Stored data
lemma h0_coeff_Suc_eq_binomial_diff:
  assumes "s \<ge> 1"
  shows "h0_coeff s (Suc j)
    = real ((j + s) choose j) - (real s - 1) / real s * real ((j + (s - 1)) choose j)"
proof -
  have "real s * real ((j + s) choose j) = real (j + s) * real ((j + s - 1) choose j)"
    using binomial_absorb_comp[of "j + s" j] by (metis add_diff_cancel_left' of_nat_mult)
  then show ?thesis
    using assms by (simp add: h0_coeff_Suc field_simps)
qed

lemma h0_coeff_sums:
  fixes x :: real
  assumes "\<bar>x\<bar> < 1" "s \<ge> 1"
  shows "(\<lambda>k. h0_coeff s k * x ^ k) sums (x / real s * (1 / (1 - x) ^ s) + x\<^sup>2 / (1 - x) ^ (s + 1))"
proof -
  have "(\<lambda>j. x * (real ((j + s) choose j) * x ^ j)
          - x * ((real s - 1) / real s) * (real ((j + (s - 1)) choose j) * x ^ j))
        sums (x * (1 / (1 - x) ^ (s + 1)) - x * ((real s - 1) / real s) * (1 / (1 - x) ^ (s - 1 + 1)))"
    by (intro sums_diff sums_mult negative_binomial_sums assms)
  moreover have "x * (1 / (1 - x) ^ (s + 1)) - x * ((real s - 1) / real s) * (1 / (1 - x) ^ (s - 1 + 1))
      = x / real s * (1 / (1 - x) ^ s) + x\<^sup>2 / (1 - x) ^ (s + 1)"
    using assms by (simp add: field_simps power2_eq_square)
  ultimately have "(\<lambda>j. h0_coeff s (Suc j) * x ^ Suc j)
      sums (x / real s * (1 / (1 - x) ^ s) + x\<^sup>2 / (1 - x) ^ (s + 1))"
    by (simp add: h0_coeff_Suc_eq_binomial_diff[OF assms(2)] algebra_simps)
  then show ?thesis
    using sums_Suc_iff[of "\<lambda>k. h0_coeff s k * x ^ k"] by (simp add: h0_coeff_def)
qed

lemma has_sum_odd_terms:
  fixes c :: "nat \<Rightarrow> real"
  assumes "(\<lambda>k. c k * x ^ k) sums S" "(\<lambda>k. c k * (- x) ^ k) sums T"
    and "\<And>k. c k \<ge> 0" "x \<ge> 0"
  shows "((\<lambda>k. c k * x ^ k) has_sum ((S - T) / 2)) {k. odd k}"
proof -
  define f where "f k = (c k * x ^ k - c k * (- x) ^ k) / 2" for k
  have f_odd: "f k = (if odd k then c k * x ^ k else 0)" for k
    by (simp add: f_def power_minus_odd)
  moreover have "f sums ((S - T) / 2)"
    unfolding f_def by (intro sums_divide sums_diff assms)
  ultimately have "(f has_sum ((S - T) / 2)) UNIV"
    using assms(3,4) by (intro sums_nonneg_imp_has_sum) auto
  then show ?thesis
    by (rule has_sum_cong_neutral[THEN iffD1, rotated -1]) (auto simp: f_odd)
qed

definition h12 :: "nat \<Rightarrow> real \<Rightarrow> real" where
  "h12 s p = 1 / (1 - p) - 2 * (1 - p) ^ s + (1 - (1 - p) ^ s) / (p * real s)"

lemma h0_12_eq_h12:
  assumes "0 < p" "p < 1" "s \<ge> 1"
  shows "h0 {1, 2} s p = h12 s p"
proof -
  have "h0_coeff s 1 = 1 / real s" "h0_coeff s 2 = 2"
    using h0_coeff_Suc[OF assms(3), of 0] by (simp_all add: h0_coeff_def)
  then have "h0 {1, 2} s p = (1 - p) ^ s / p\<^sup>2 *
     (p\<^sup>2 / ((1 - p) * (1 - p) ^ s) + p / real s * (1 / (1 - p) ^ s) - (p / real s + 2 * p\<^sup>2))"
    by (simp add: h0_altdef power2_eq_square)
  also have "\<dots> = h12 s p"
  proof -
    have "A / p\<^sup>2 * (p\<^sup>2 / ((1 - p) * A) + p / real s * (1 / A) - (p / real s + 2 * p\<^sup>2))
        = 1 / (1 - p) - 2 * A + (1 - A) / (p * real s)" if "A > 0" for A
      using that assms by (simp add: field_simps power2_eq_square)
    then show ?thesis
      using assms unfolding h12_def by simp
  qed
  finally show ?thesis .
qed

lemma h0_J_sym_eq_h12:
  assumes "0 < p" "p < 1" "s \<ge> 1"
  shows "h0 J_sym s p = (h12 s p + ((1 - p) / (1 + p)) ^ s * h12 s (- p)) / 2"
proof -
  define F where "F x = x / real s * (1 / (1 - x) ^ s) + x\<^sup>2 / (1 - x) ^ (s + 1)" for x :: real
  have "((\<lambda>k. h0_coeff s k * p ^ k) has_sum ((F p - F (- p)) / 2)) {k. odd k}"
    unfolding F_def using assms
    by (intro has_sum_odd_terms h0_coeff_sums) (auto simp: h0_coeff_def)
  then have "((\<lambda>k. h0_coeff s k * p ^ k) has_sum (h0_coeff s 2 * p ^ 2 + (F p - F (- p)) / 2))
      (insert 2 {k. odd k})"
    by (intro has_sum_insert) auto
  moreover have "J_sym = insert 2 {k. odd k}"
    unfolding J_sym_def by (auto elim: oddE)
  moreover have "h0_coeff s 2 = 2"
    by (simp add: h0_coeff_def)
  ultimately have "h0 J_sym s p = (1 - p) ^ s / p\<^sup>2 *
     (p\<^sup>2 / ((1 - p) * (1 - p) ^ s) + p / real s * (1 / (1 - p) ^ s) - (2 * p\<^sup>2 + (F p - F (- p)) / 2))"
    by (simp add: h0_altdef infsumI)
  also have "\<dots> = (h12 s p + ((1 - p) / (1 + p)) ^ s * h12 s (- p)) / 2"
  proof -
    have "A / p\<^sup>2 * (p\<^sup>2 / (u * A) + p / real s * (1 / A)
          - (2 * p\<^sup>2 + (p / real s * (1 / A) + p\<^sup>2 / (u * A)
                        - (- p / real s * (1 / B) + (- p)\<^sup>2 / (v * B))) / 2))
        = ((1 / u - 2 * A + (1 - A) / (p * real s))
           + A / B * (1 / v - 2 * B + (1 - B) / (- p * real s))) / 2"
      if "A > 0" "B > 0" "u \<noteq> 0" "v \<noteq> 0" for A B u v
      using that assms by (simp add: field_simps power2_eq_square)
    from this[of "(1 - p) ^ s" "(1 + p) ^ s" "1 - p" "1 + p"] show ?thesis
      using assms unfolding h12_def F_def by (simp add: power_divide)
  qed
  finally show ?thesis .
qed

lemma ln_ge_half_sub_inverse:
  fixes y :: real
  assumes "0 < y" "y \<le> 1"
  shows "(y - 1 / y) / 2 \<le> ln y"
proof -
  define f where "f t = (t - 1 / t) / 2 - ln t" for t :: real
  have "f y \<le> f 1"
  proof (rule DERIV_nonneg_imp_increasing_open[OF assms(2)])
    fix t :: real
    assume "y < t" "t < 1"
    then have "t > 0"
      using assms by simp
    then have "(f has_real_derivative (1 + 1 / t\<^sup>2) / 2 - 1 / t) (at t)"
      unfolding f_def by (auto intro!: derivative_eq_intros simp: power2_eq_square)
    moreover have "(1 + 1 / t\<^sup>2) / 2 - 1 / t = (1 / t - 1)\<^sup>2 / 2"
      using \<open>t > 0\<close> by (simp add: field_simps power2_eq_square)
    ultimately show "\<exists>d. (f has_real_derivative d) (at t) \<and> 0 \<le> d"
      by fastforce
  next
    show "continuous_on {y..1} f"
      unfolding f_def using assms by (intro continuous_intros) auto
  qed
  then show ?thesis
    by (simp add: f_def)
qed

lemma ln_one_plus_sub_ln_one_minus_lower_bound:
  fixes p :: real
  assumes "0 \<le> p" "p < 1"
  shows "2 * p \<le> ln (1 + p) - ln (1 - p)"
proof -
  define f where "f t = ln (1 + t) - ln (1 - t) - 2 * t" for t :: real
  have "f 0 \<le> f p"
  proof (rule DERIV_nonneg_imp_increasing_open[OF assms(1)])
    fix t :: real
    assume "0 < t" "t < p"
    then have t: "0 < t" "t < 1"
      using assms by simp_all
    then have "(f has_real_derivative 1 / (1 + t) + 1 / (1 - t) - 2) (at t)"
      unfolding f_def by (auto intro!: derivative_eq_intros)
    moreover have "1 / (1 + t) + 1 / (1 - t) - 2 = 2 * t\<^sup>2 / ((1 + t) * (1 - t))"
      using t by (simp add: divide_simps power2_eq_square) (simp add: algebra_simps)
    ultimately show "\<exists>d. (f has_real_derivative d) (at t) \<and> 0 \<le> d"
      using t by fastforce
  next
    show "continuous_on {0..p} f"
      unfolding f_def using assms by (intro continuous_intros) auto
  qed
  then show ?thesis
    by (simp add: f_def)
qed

==

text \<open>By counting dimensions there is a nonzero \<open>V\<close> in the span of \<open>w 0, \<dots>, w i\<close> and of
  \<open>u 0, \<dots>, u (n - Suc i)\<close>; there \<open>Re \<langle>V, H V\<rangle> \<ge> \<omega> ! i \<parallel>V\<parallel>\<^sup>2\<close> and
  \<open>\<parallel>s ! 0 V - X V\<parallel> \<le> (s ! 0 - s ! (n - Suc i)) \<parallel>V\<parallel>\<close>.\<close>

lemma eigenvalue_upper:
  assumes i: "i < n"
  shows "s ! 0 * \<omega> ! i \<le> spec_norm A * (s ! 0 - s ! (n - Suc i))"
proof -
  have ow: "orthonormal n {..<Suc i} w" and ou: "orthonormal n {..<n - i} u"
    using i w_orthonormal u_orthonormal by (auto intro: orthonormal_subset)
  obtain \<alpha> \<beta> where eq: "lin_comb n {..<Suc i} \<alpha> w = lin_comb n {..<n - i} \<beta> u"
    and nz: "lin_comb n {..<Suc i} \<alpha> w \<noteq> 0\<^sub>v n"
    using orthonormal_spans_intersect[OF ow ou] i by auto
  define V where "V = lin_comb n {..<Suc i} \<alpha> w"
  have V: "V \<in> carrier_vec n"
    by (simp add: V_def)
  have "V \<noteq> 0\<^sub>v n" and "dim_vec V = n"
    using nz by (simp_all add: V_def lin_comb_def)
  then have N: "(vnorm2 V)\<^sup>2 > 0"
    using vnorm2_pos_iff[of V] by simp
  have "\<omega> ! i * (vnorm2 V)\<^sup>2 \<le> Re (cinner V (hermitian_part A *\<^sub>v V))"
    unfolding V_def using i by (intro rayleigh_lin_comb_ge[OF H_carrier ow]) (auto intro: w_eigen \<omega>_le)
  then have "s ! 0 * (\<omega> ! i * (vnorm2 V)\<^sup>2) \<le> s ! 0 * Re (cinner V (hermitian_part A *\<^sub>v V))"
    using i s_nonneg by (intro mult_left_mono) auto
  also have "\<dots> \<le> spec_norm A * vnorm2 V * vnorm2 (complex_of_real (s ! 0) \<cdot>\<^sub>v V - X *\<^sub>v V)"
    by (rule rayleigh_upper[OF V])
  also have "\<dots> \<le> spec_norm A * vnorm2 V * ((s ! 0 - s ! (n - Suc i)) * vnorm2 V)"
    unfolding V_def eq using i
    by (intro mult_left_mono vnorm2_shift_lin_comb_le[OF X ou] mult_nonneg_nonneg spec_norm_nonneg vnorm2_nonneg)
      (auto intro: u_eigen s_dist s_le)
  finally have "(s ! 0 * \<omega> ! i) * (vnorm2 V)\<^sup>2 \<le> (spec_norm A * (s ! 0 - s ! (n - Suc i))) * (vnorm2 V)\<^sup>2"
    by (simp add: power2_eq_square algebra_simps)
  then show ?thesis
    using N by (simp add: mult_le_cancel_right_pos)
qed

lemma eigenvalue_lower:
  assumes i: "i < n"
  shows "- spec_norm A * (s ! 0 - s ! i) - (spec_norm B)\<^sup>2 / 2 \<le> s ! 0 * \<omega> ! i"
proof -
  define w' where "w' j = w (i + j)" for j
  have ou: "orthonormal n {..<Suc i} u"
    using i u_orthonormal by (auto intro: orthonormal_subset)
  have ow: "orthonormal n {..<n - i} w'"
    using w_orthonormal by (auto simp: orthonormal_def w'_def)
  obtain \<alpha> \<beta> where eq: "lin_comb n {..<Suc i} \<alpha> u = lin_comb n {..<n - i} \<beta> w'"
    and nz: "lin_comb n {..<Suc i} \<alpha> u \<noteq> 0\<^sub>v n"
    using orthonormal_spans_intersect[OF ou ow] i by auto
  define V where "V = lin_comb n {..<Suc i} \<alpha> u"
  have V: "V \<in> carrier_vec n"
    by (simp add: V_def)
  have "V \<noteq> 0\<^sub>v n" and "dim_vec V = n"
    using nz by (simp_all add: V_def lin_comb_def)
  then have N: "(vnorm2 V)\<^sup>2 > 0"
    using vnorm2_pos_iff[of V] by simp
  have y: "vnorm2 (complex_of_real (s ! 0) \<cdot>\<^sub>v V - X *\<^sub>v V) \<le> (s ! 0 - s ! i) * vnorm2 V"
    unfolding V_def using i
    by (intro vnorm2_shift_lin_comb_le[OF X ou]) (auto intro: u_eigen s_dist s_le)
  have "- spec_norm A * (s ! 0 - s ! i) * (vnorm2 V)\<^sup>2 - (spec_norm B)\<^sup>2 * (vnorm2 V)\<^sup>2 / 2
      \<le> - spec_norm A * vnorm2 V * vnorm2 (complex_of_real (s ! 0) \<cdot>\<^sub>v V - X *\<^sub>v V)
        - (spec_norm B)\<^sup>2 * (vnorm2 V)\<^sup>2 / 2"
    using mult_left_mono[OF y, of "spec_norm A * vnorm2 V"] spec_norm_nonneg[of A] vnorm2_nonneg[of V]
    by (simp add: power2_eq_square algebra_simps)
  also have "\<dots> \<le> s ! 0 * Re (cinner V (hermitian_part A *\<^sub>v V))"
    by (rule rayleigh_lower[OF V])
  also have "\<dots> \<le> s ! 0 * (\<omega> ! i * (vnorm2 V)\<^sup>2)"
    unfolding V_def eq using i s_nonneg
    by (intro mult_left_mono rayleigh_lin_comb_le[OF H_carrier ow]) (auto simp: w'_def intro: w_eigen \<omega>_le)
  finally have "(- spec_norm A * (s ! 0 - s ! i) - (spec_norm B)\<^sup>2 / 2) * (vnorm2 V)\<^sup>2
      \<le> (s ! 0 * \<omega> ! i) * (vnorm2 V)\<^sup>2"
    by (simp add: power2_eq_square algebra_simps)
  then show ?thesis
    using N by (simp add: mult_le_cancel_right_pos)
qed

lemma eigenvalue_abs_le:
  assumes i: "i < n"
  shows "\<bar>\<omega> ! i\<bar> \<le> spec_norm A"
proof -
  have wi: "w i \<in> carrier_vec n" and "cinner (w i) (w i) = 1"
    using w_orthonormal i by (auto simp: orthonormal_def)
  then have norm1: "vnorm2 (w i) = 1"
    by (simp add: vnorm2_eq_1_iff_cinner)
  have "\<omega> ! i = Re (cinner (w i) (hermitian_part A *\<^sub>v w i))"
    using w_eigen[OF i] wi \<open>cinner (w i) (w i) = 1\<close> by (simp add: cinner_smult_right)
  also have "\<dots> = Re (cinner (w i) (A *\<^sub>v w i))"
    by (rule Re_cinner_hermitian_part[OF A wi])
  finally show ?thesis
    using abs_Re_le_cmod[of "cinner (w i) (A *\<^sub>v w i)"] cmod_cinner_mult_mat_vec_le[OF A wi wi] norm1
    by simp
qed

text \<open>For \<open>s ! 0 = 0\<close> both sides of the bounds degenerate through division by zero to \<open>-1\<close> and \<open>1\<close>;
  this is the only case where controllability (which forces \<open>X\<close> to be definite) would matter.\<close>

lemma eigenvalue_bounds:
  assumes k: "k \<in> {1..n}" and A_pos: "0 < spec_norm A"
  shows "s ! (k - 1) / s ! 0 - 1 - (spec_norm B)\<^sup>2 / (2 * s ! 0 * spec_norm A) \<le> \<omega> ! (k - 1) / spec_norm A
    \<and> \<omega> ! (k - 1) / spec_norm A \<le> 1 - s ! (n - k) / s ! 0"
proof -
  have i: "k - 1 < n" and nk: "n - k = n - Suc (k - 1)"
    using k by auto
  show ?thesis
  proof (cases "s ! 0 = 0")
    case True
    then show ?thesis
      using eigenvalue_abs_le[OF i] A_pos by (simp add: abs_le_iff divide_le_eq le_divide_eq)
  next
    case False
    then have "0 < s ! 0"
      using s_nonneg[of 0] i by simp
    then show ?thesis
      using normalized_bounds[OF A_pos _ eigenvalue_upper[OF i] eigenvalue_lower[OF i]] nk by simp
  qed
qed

• _Prompt_: Show every line of the entries above where the word "define" occurs.

• _Your solution_:
  define f where "f k = (c k * x ^ k - c k * (- x) ^ k) / 2" for k
  define F where "F x = x / real s * (1 / (1 - x) ^ s) + x\<^sup>2 / (1 - x) ^ (s + 1)" for x :: real
  define f where "f t = (t - 1 / t) / 2 - ln t" for t :: real
  define f where "f t = ln (1 + t) - ln (1 - t) - 2 * t" for t :: real
  define V where "V = lin_comb n {..<Suc i} \<alpha> w"
  define w' where "w' j = w (i + j)" for j
  define V where "V = lin_comb n {..<Suc i} \<alpha> u"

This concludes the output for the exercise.